__Assignment__:
Retype each line of the listing below, from the first through the one holding "c^q * c^r] (mod", with no other lines.
********
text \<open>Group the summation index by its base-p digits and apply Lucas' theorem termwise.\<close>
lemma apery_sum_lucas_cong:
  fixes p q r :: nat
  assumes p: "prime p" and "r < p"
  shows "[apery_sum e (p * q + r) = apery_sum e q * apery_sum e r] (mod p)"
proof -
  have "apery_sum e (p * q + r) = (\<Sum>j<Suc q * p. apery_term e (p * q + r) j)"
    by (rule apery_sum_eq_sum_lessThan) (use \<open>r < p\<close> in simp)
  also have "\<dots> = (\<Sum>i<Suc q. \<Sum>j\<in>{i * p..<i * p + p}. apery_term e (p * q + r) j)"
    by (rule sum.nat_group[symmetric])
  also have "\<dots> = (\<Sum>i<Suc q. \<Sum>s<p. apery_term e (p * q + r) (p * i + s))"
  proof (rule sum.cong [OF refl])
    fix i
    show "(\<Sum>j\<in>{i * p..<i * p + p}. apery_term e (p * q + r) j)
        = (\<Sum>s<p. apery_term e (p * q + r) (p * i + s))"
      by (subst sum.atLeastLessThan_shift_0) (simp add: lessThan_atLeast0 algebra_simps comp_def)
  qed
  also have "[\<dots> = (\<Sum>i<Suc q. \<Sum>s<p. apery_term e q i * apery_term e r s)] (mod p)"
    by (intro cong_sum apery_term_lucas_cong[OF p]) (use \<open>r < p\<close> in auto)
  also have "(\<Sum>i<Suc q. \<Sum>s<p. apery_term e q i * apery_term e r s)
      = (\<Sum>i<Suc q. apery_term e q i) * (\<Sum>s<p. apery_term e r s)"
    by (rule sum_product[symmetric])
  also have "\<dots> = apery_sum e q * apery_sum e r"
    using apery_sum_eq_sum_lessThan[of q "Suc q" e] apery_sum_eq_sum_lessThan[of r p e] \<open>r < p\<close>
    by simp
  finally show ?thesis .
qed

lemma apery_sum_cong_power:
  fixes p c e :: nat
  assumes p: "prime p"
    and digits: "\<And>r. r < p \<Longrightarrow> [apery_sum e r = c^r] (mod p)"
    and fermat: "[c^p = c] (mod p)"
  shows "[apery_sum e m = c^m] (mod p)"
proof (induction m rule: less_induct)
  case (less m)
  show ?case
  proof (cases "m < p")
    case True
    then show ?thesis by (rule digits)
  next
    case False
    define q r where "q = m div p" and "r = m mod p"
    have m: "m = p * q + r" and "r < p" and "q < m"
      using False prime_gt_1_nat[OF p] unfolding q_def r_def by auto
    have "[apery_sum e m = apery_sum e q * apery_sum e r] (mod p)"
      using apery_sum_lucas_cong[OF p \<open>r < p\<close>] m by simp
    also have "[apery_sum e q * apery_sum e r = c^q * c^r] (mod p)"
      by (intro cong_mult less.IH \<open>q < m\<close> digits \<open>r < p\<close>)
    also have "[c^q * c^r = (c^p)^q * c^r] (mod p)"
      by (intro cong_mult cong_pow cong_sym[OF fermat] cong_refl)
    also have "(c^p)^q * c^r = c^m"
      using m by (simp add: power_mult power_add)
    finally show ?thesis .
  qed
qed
********
__Solved problem__:
text \<open>Group the summation index by its base-p digits and apply Lucas' theorem termwise.\<close>
lemma apery_sum_lucas_cong:
  fixes p q r :: nat
  assumes p: "prime p" and "r < p"
  shows "[apery_sum e (p * q + r) = apery_sum e q * apery_sum e r] (mod p)"
proof -
  have "apery_sum e (p * q + r) = (\<Sum>j<Suc q * p. apery_term e (p * q + r) j)"
    by (rule apery_sum_eq_sum_lessThan) (use \<open>r < p\<close> in simp)
  also have "\<dots> = (\<Sum>i<Suc q. \<Sum>j\<in>{i * p..<i * p + p}. apery_term e (p * q + r) j)"
    by (rule sum.nat_group[symmetric])
  also have "\<dots> = (\<Sum>i<Suc q. \<Sum>s<p. apery_term e (p * q + r) (p * i + s))"
  proof (rule sum.cong [OF refl])
    fix i
    show "(\<Sum>j\<in>{i * p..<i * p + p}. apery_term e (p * q + r) j)
        = (\<Sum>s<p. apery_term e (p * q + r) (p * i + s))"
      by (subst sum.atLeastLessThan_shift_0) (simp add: lessThan_atLeast0 algebra_simps comp_def)
  qed
  also have "[\<dots> = (\<Sum>i<Suc q. \<Sum>s<p. apery_term e q i * apery_term e r s)] (mod p)"
    by (intro cong_sum apery_term_lucas_cong[OF p]) (use \<open>r < p\<close> in auto)
  also have "(\<Sum>i<Suc q. \<Sum>s<p. apery_term e q i * apery_term e r s)
      = (\<Sum>i<Suc q. apery_term e q i) * (\<Sum>s<p. apery_term e r s)"
    by (rule sum_product[symmetric])
  also have "\<dots> = apery_sum e q * apery_sum e r"
    using apery_sum_eq_sum_lessThan[of q "Suc q" e] apery_sum_eq_sum_lessThan[of r p e] \<open>r < p\<close>
    by simp
  finally show ?thesis .
qed

lemma apery_sum_cong_power:
  fixes p c e :: nat
  assumes p: "prime p"
    and digits: "\<And>r. r < p \<Longrightarrow> [apery_sum e r = c^r] (mod p)"
    and fermat: "[c^p = c] (mod p)"
  shows "[apery_sum e m = c^m] (mod p)"
proof (induction m rule: less_induct)
  case (less m)
  show ?case
  proof (cases "m < p")
    case True
    then show ?thesis by (rule digits)
  next
    case False
    define q r where "q = m div p" and "r = m mod p"
    have m: "m = p * q + r" and "r < p" and "q < m"
      using False prime_gt_1_nat[OF p] unfolding q_def r_def by auto
    have "[apery_sum e m = apery_sum e q * apery_sum e r] (mod p)"
      using apery_sum_lucas_cong[OF p \<open>r < p\<close>] m by simp
    also have "[apery_sum e q * apery_sum e r = c^q * c^r] (mod p)"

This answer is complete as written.